No other mythology, writes Eva Kuels in The Reign of the Phallus, gives rape a more prominent role than that of Greece (49). In our expurgated handbooks of mythology, it’s called “dalliance” or somesuch, but Kuels argues that the artifacts show that what’s happening is rape. 

In most cases, the rape is sublimated into something else. A god attacks a woman not with an erect phallus but with some weapon or instrument: “the rampaging gods and heroes wield their characteristic attributes as symbolic phalluses, often aimed revealingly at the genital zones of their victims—Zeus, his scepter or his thunderbolt (or both); Poseidon, his trident; and Hermes, his caduceus” (50).

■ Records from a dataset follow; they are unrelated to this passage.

lemma parity_span_mult_mask_parity:
  assumes "h \<in> parity_span r"
  shows "(\<lambda>x. of_bool (mask_parity r a x) * h x) \<in> parity_span r"
proof -
  from assms obtain d0 d where h:
    "\<And>x. length x = r \<Longrightarrow> h x = d0 + (\<Sum>b<2^r. d b * of_bool (mask_parity r b x))"
    unfolding parity_span_def by blast
  let ?p = "\<lambda>a x. of_bool (mask_parity r a x) :: real"
  have "(\<lambda>x. d0 * ?p a x + (\<Sum>b<2^r. d b * ((1/2) * ?p a x + (1/2) * ?p b x
      + (-1/2) * ?p (xor a b) x))) \<in> parity_span r"
    by (intro parity_span_add parity_span_scale parity_span_sum parity_span_mask_parity finite_lessThan)
  then show ?thesis
  proof (rule parity_span_cong)
    fix x :: "bool list"
    assume "length x = r"
    then have "?p a x * h x = d0 * ?p a x + (\<Sum>b<2^r. d b * (?p a x * ?p b x))"
      by (simp add: h distrib_left sum_distrib_left mult_ac)
    then show "d0 * ?p a x + (\<Sum>b<2^r. d b * ((1/2) * ?p a x + (1/2) * ?p b x
      + (-1/2) * ?p (xor a b) x)) = ?p a x * h x"
      by (simp only: mask_parity_mult)
  qed
qed

lemma parity_span_mult:
  assumes "g \<in> parity_span r" "h \<in> parity_span r"
  shows "(\<lambda>x. g x * h x) \<in> parity_span r"
proof -
  from assms(1) obtain c0 c where g:
    "\<And>x. length x = r \<Longrightarrow> g x = c0 + (\<Sum>a<2^r. c a * of_bool (mask_parity r a x))"
    unfolding parity_span_def by blast
  have "(\<lambda>x. c0 * h x + (\<Sum>a<2^r. c a * (of_bool (mask_parity r a x) * h x))) \<in> parity_span r"
    using assms(2)
    by (intro parity_span_add parity_span_scale parity_span_sum parity_span_mult_mask_parity
        finite_lessThan)
  then show ?thesis
    by (rule parity_span_cong) (simp only: g distrib_right sum_distrib_right mult.assoc)
qed

lemma parity_span_prod:
  "finite A \<Longrightarrow> (\<And>i. i \<in> A \<Longrightarrow> F i \<in> parity_span r) \<Longrightarrow> (\<lambda>x. \<Prod>i\<in>A. F i x) \<in> parity_span r"
  by (induction A rule: finite_induct) (auto intro: parity_span_mult parity_span_const[of 1, simplified])

lemma mask_parity_exp: "k < r \<Longrightarrow> mask_parity r (2^k) x \<longleftrightarrow> x ! k"
proof -
  assume "k < r"
  then have "{l. l < r \<and> bit ((2::nat)^k) l \<and> x ! l} = (if x ! k then {k} else {})"
    by (auto simp: bit_exp_iff)
  then show ?thesis
    unfolding mask_parity_def by simp
qed

lemma in_parity_span: "g \<in> parity_span r"
proof -
  let ?X = "{y :: bool list. length y = r}"
  have "finite ?X"
    using finite_lists_length_eq[of "UNIV :: bool set" r] by simp
  have coordinate_test: "(\<lambda>x. of_bool (x ! k = y ! k)) \<in> parity_span r" if "k < r" for y k
  proof -
    have "(\<lambda>x. (if y ! k then 1 else -1) * of_bool (mask_parity r (2^k) x)
        + of_bool (\<not> y ! k)) \<in> parity_span r"
      by (intro parity_span_add parity_span_scale parity_span_mask_parity parity_span_const)
    then show ?thesis
      by (rule parity_span_cong) (use that in \<open>auto simp: mask_parity_exp\<close>)
  qed
  have "(\<lambda>x. \<Sum>y\<in>?X. g y * (\<Prod>k<r. of_bool (x ! k = y ! k))) \<in> parity_span r"
    using \<open>finite ?X\<close> by (intro parity_span_sum parity_span_scale parity_span_prod coordinate_test) auto
  then show ?thesis
  proof (rule parity_span_cong)
    fix x :: "bool list"
    assume x: "length x = r"
    have "(\<Prod>k<r. of_bool (x ! k = y ! k) :: real) = of_bool (y = x)" if "y \<in> ?X" for y
      using that x by (auto intro: nth_equalityI)
    then have "(\<Sum>y\<in>?X. g y * (\<Prod>k<r. of_bool (x ! k = y ! k)))
        = (\<Sum>y\<in>?X. if y = x then g y else 0)"
      by (intro sum.cong) auto
    also have "\<dots> = g x"
      using \<open>finite ?X\<close> x by simp
    finally show "(\<Sum>y\<in>?X. g y * (\<Prod>k<r. of_bool (x ! k = y ! k))) = g x" .
  qed
qed

lemma parity_expansion:
  fixes g :: "bool list \<Rightarrow> real"
  shows "\<exists>c. \<forall>x. length x = r \<longrightarrow>
     g x = g (replicate r False) + (\<Sum>j<2^r - 1. c j * of_bool (mask_parity r (Suc j) x))"
proof -
  obtain c0 c where g:
    "\<And>x. length x = r \<Longrightarrow> g x = c0 + (\<Sum>a<2^r. c a * of_bool (mask_parity r a x))"
    using in_parity_span[of g r] unfolding parity_span_def by blast
  define N :: nat where "N = 2^r - 1"
  have "2^r = Suc N"
    by (simp add: N_def)
  moreover have "\<not> mask_parity r 0 x" for x
    by (simp add: mask_parity_def)
  ultimately have shift: "(\<Sum>a<2^r. c a * of_bool (mask_parity r a x))
      = (\<Sum>j<N. c (Suc j) * of_bool (mask_parity r (Suc j) x))" for x
    by (simp only: sum.lessThan_Suc_shift) simp
  have "g (replicate r False) = c0"
    using g[of "replicate r False"] by (simp add: mask_parity_def cong: conj_cong)
  then show ?thesis
    using g shift unfolding N_def by (intro exI[of _ "\<lambda>j. c (Suc j)"]) auto
qed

Many gods were rapists, but “The master rapist, of course, was Zeus: the catalogue of his conquests became a topos of Greek literature, and led to a scurrilous Greek anecdote. A foreigner once came to Athens and asked why the Athenians so often used the exclamation ‘by Zeus’; the answer: ‘Because so many of us are.’ In the literary tradition, Zeus overcomes most of his female victims by trickery: he rapes Leda in the form of a swan, Danaë in the guise of a golden rain, and Alkmene in the persona of her legitimate husband (holding up the dawn for three nights to draw full profit from his scheme), and he does not even hesitate to take on so coarse a disguise as that of a randy satyr for the purpose of violating Antiope. In the pictorial tradition of the mid-fifth century, on the other hand, his excursions are represented mostly through the motif of pursuit.”

Zeus  is depicted “on a Dionysiac drinking cup (kantharos) by the Brygos Painter, in two scenes of rape, one homosexual and one heterosexual, carefully balanced in composition, with that typically Greek bisexual promiscuity. The male victim, without doubt, is Zeus’ perennial favorite, Ganymede; the female is anonymous” (51).

Kuels cites The Love of the Gods in Attic Art, which “contains 395 items, and includes rape by all the major male divinities on Olympus and by one rather obscure goddess, Eos (Dawn), who is known primarily for her aggressive sexual appetites. The author offers no explanation for this explosion of sexual violence on Mount Olympus; instead, she views the tales of rape as a subtle expression of the Athenians’ ‘yearning for the divine’” (52).

When scholars compare Hebrew and Hellenistic religion, they sometimes ignore this obvious divergence: Yahweh the God of Israel is not promiscuous or sexually violent. To a Greek pagan, that must have seemed mighty strange, as strange as rapist gods seem to us.